Michael Conrad Bird is an economics lecturer, and was a Republican member of the Colorado State Senate from 1987 to 1995.

Bird graduated from Western Maryland College in 1961, and gained his Ph.D. from the University of Colorado Boulder. He joined Colorado College in 1968, and was a Fulbright Lecturer in Mexico in 1966 through 1968, and Peru in 1971.

In 1973 Bird and fellow Colorado College Professor Fred Sondermann were elected to city council of Colorado Springs on a "Sensible Growth" ticket.
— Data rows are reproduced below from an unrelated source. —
lemma sum_neg_ln_powers_le_linear:
  fixes x a :: real
  assumes "\<And>j. 0 \<le> C j" "0 \<le> x" "x \<le> a" "0 < a" "a < 1"
  shows "(\<Sum>j=1..l. C j * (- ln (1 - x))^j / fact j)
           \<le> (\<Sum>j=1..l. C j * \<bar>ln (1 - a)\<bar>^j / (a * fact j)) * x"
proof -
  have "C j * (- ln (1 - x))^j / fact j \<le> C j * \<bar>ln (1 - a)\<bar>^j / (a * fact j) * x"
    if "j \<ge> 1" for j
  proof -
    have "(- ln (1 - x))^j \<le> (- ln (1 - a))^j * x / a"
      using neg_ln_one_minus_power_le_linear[of x a j] assms that by (simp add: pos_le_divide_eq)
    then have "C j * (- ln (1 - x))^j / fact j \<le> C j * ((- ln (1 - a))^j * x / a) / fact j"
      using assms(1) by (intro divide_right_mono mult_left_mono) auto
    then show ?thesis
      using assms by (simp add: field_simps)
  qed
  then show ?thesis
    by (auto simp: sum_distrib_right intro!: sum_mono)
qed

theorem lemmaA2:
  fixes l :: nat and z :: complex
  assumes "l \<in> {1..4}" and "norm z < 1"
  shows "norm (V l z) \<le> (\<Sum>j=1..l. CV l j * \<bar>ln (1 - norm z)\<bar>^j / fact j) \<and>
         (\<forall>a::real. 0 < a \<and> a < 1 \<and> norm z \<le> a \<longrightarrow> norm (V l z) \<le> D l a * norm z)"
proof (intro conjI allI impI)
  have bound: "norm (V l z) \<le> (\<Sum>j=1..l. CV l j * (- ln (1 - norm z))^j / fact j)"
    using assms by (rule norm_V_le)
  then show "norm (V l z) \<le> (\<Sum>j=1..l. CV l j * \<bar>ln (1 - norm z)\<bar>^j / fact j)"
    using assms(2) by simp
  fix a :: real assume "0 < a \<and> a < 1 \<and> norm z \<le> a"
  moreover have "0 \<le> CV l j" for j
    by (simp add: CV_def)
  ultimately show "norm (V l z) \<le> D l a * norm z"
    using order_trans[OF bound sum_neg_ln_powers_le_linear[of "CV l"]] by (simp add: D_def)
qed

end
Bird went on to become a Colorado state representative in 1983 and state senator in 1987.

After a failed bid to become Governor of Colorado in 1993, losing out to businessman Bruce Benson in the GOP due to his superior financial resources, and being time barred to extend his stay in the Senate in 1994, he returned to the world of education as a lecturer at Colorado College.

In 2004, Bird became Professor Emeritus of Economics at Colorado College, a position he still holds.

Bird is married to Ursula Steinhoff-Bird, the daughter of World War II Luftwaffe ace and former North Atlantic Treaty Organization military commander, Johannes Steinhoff.